"What makes lovable beauty?"

"A lovable heart, I suppose."

"Then I shouldn't wonder if you might have it as well as another. Is
Clarissa Parks more loved than any one in your class?"

"Oh, no. She is not a favorite at all."

"Then, child, I don't see that you are proving your assertion."

"I know I'm not," laughed Marjorie. "Clarissa Parks is engaged; but so is Fanny Hunting, and Fanny is the plainest little body. But I did begin by really believing that beautiful faces had the best of it in the world, and I was feeling rather aggrieved because somebody described me yesterday as 'that girl in the first class who is always getting up head; she is short and rather stout and wears her hair in a knot at the back of her head?' Now wasn't that humiliating? Not a word about my eyes or complexion or manner!"

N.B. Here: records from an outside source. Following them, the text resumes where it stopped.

(* Let $d\ge 2$, $\bm{\mu}=(\mu_1,\dots,\mu_d)^\top\in\mathbb{R}^d$, let $\bm{\Sigma}$ be a positive definite $d\times d$ matrix, $t\in\mathbb{R}$ and $\lambda>0$ with $(\min_{1\le i\le d}\mu_i-t)_-\le\lambda$. Let $\bm{e}=(1,\dots,1)^\top$ and $\mathcal{W}^+=\{\bm{w}\in\mathbb{R}^d:\bm{w}^\top\bm{e}=1,\ \bm{w}\ge 0\}$. Let $\mathcal{M}(\bm{\mu},\bm{\Sigma})$ be the set of probability distributions $G$ on $\mathbb{R}^d$ of a random vector $\bm{X}$ with $\mathbb{E}^G[\bm{X}]=\bm{\mu}$ and $\mathrm{Cov}^G[\bm{X}]=\bm{\Sigma}$, and $\mathcal{M}_S(\bm{\mu},\bm{\Sigma})$ its subset of symmetric distributions. For $\mathcal{M}\in\{\mathcal{M}(\bm{\mu},\bm{\Sigma}),\mathcal{M}_S(\bm{\mu},\bm{\Sigma})\}$ and $\bm{w}\in\mathcal{W}^+$, let $\mathcal{M}_{\bm{w},\lambda}=\{G\in\mathcal{M}:\mathbb{E}^G[(\bm{w}^\top\bm{X}-t)_-]\le\lambda\}$, and consider the problem $\min_{\bm{w}\in\mathcal{W}^+}\sup_{G\in\mathcal{M}_{\bm{w},\lambda}}\mathbb{E}^G[(\bm{w}^\top\bm{X}-t)_+^2]$. For $a\in\mathbb{R}$, $s>0$ define $h_{\lambda,t}(a,s)=\sup_{F\in\mathcal{L}_\lambda(a,s)}\mathbb{E}^F[(X-t)_+^2]$ and $h_{S,\lambda,t}(a,s)=\sup_{F\in\mathcal{L}_{S,\lambda}(a,s)}\mathbb{E}^F[(X-t)_+^2]$. Then the optimal portfolio for the problem with $\mathcal{M}=\mathcal{M}(\bm{\mu},\bm{\Sigma})$ is \[ \bm{w}^*_\lambda=\arg\min_{\bm{w}\in\mathcal{W}^+} h_{\lambda,t}\big(\bm{w}^\top\bm{\mu},\sqrt{\bm{w}^\top\bm{\Sigma}\bm{w}}\big), \] and the optimal portfolio for the problem with $\mathcal{M}=\mathcal{M}_S(\bm{\mu},\bm{\Sigma})$ is \[ \bm{w}^*_{S,\lambda}=\arg\min_{\bm{w}\in\mathcal{W}^+} h_{S,\lambda,t}\big(\bm{w}^\top\bm{\mu},\sqrt{\bm{w}^\top\bm{\Sigma}\bm{w}}\big). \]
   Context: For $x\in\mathbb{R}$, $(x)_+=\max\{x,0\}$ and $(x)_-=\max\{-x,0\}$. For $a\in\mathbb{R}$, $s>0$: $\mathcal{L}_\lambda(a,s)$ is the set of probability distributions $F$ on $\mathbb{R}$ with $\mathbb{E}^F[X]=a$, $\mathbb{E}^F[X^2]=a^2+s^2$ and $\mathbb{E}^F[(X-t)_-]\le\lambda$; $\mathcal{L}_{S,\lambda}(a,s)$ is its subset of symmetric distributions. A distribution of a real random variable $X$ is symmetric if there is $b\in\mathbb{R}$ with $\mathbb{P}(X-b>x)=\mathbb{P}(X-b<-x)$ for all $x$. A distribution $G$ of $\bm{X}\in\mathbb{R}^d$ is symmetric if there is $\bm{a}\in\mathbb{R}^d$ with $\mathbb{P}(\bm{X}-\bm{a}\in B)=\mathbb{P}(\bm{X}-\bm{a}\in -B)$ for all Borel $B\subseteq\mathbb{R}^d$, where $-B=\{\bm{x}:-\bm{x}\in B\}$. *)

theory Defs
  imports "HOL-Probability.Probability"
begin

definition real_dist :: "real measure \<Rightarrow> bool" where
  "real_dist F \<longleftrightarrow> prob_space F \<and> sets F = sets borel \<and>
     integrable F (\<lambda>x. x) \<and> integrable F (\<lambda>x. x\<^sup>2)"

definition L_lam :: "real \<Rightarrow> real \<Rightarrow> real \<Rightarrow> real \<Rightarrow> real measure set" where
  "L_lam t lam a s = {F. real_dist F \<and>
      (\<integral>x. x \<partial>F) = a \<and> (\<integral>x. x\<^sup>2 \<partial>F) = a\<^sup>2 + s\<^sup>2 \<and>
      (\<integral>x. max (-(x - t)) 0 \<partial>F) \<le> lam}"

definition symmetric_real :: "real measure \<Rightarrow> bool" where
  "symmetric_real F \<longleftrightarrow> (\<exists>b. \<forall>x. measure F {y \<in> space F. y - b > x} = measure F {y \<in> space F. y - b < - x})"

definition LS_lam :: "real \<Rightarrow> real \<Rightarrow> real \<Rightarrow> real \<Rightarrow> real measure set" where
  "LS_lam t lam a s = {F \<in> L_lam t lam a s. symmetric_real F}"

definition upper_sq :: "real \<Rightarrow> real measure \<Rightarrow> ennreal" where
  "upper_sq t F = (\<integral>\<^sup>+x. ennreal ((max (x - t) 0)\<^sup>2) \<partial>F)"

definition h_lam :: "real \<Rightarrow> real \<Rightarrow> real \<Rightarrow> real \<Rightarrow> ennreal" where
  "h_lam lam t a s = (SUP F \<in> L_lam t lam a s. upper_sq t F)"

definition hS_lam :: "real \<Rightarrow> real \<Rightarrow> real \<Rightarrow> real \<Rightarrow> ennreal" where
  "hS_lam lam t a s = (SUP F \<in> LS_lam t lam a s. upper_sq t F)"

definition pos_def :: "real^'n^'n \<Rightarrow> bool" where
  "pos_def S \<longleftrightarrow> transpose S = S \<and> (\<forall>x. x \<noteq> 0 \<longrightarrow> x \<bullet> (S *v x) > 0)"

definition M_set :: "real^'n \<Rightarrow> real^'n^'n \<Rightarrow> (real^'n) measure set" where
  "M_set mu S = {G. prob_space G \<and> sets G = sets borel \<and>
      (\<forall>i. integrable G (\<lambda>x. x $ i)) \<and>
      (\<forall>i j. integrable G (\<lambda>x. x $ i * x $ j)) \<and>
      (\<forall>i. (\<integral>x. x $ i \<partial>G) = mu $ i) \<and>
      (\<forall>i j. (\<integral>x. (x $ i - mu $ i) * (x $ j - mu $ j) \<partial>G) = S $ i $ j)}"

definition symmetric_vec :: "(real^'n) measure \<Rightarrow> bool" where
  "symmetric_vec G \<longleftrightarrow> (\<exists>a. \<forall>B \<in> sets borel.
      measure G {x \<in> space G. x - a \<in> B} = measure G {x \<in> space G. x - a \<in> {y. - y \<in> B}})"

definition MS_set :: "real^'n \<Rightarrow> real^'n^'n \<Rightarrow> (real^'n) measure set" where
  "MS_set mu S = {G \<in> M_set mu S. symmetric_vec G}"

definition W_plus :: "(real^'n) set" where
  "W_plus = {w. (\<Sum>i\<in>UNIV. w $ i) = 1 \<and> (\<forall>i. w $ i \<ge> 0)}"

definition M_w_lam :: "(real^'n) measure set \<Rightarrow> real \<Rightarrow> real \<Rightarrow> real^'n \<Rightarrow> (real^'n) measure set" where
  "M_w_lam M t lam w = {G \<in> M. (\<integral>x. max (-(w \<bullet> x - t)) 0 \<partial>G) \<le> lam}"

definition worst_obj :: "(real^'n) measure set \<Rightarrow> real \<Rightarrow> real \<Rightarrow> real^'n \<Rightarrow> ennreal" where
  "worst_obj M t lam w = (SUP G \<in> M_w_lam M t lam w. \<integral>\<^sup>+x. ennreal ((max (w \<bullet> x - t) 0)\<^sup>2) \<partial>G)"
text \<open>Stacking \<open>d\<^sub>D\<close> on itself, for \<open>D = (\<pi>, T)\<close>, closes every block of \<open>\<pi> - T\<close> into a loop
  and keeps every block of \<open>T\<close> propagating, so the diagonal entry of the Gram matrix is
  \<open>x ^ |\<pi> - T|\<close>. Off the diagonal, every loop of \<open>d\<^sub>D d\<^sub>E\<close> is the middle-row component of a
  non-propagating block of \<open>\<pi>\<^sub>D\<close> and also of one of \<open>\<pi>\<^sub>E\<close>, so the number of loops is at most
  \<open>min |\<pi>\<^sub>D - T\<^sub>D| |\<pi>\<^sub>E - T\<^sub>E|\<close>. If both bounds were attained while the propagating number is
  \<open>s\<close>, then blocks \<mapsto> middle-row components would be injective on the non-propagating and on
  the propagating blocks of both diagrams; as overlapping blocks of the two partitions lie in the
  same component, this forces \<open>\<pi>\<^sub>D - T\<^sub>D = \<pi>\<^sub>E - T\<^sub>E\<close> and then \<open>T\<^sub>D = T\<^sub>E\<close>. So every nonzero
  off-diagonal entry \<open>x ^ l\<close> has \<open>2 l < |\<pi>\<^sub>D - T\<^sub>D| + |\<pi>\<^sub>E - T\<^sub>E|\<close>, and in the Leibniz expansion
  only the identity permutation reaches the top degree, with coefficient 1.\<close>

lemma coeff_permutation_term_eq_0:
  fixes M :: "'i \<Rightarrow> 'i \<Rightarrow> 'a :: comm_ring_1 poly" and w :: "'i \<Rightarrow> nat"
  assumes "finite I"
    and diag: "\<And>i. i \<in> I \<Longrightarrow> M i i = [:0,1:] ^ w i"
    and off_diag: "\<And>i j. i \<in> I \<Longrightarrow> j \<in> I \<Longrightarrow> i \<noteq> j \<Longrightarrow> M i j \<noteq> 0 \<Longrightarrow>
                     \<exists>l. M i j = [:0,1:] ^ l \<and> 2 * l < w i + w j"
    and p: "p permutes I" "p \<noteq> id"
    and n: "(\<Sum>i\<in>I. w i) \<le> n"
  shows "coeff (\<Prod>i\<in>I. M i (p i)) n = 0"
proof (cases "\<exists>i\<in>I. M i (p i) = 0")
  case True
  then show ?thesis using \<open>finite I\<close> by (simp add: prod_zero)
next
  case False
  have "\<exists>l. M i (p i) = [:0,1:] ^ l \<and> 2 * l \<le> w i + w (p i) \<and> (p i \<noteq> i \<longrightarrow> 2 * l < w i + w (p i))"
    if i: "i \<in> I" for i
  proof (cases "p i = i")
    case True
    then show ?thesis using diag[OF i] by auto
  next
    case False
    with off_diag[OF i permutes_in_image[OF p(1), THEN iffD2, OF i]] \<open>\<not> (\<exists>i\<in>I. M i (p i) = 0)\<close> i
    show ?thesis by (metis less_imp_le)
  qed
  then obtain L where L: "\<And>i. i \<in> I \<Longrightarrow> M i (p i) = [:0,1:] ^ L i \<and> 2 * L i \<le> w i + w (p i) \<and>
                                            (p i \<noteq> i \<longrightarrow> 2 * L i < w i + w (p i))"
    by metis
  obtain i0 where i0: "i0 \<in> I" "p i0 \<noteq> i0"
    using p by (metis id_apply permutes_not_in ext)
  have "2 * (\<Sum>i\<in>I. L i) < (\<Sum>i\<in>I. w i + w (p i))"
    unfolding sum_distrib_left by (rule sum_strict_mono_ex1[OF \<open>finite I\<close>]) (use L i0 in auto)
  also have "\<dots> = 2 * (\<Sum>i\<in>I. w i)"
    using sum.permute[OF p(1), of w] by (simp add: sum.distrib comp_def)
  finally have "(\<Sum>i\<in>I. L i) < n" using n by linarith
  moreover have "(\<Prod>i\<in>I. M i (p i)) = monom 1 (\<Sum>i\<in>I. L i)"
    using L by (simp add: power_sum monom_altdef)
  ultimately show ?thesis by (simp add: coeff_monom)
qed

Miss Prudence laughed at her comically aggrieved tone.

"It is hard to be nothing distinctive but short and stout and to wear your hair in a knot, as your grandmother does! But the getting up head is something."

"It doesn't add to my beauty. Miss Prudence, I'm afraid I'll be a homely blue stocking. And if I don't teach, how shall I use my knowledge? I cannot write a book, or even articles for the papers; and I must do something with the things I learn."

"Every educated lady does not teach or write."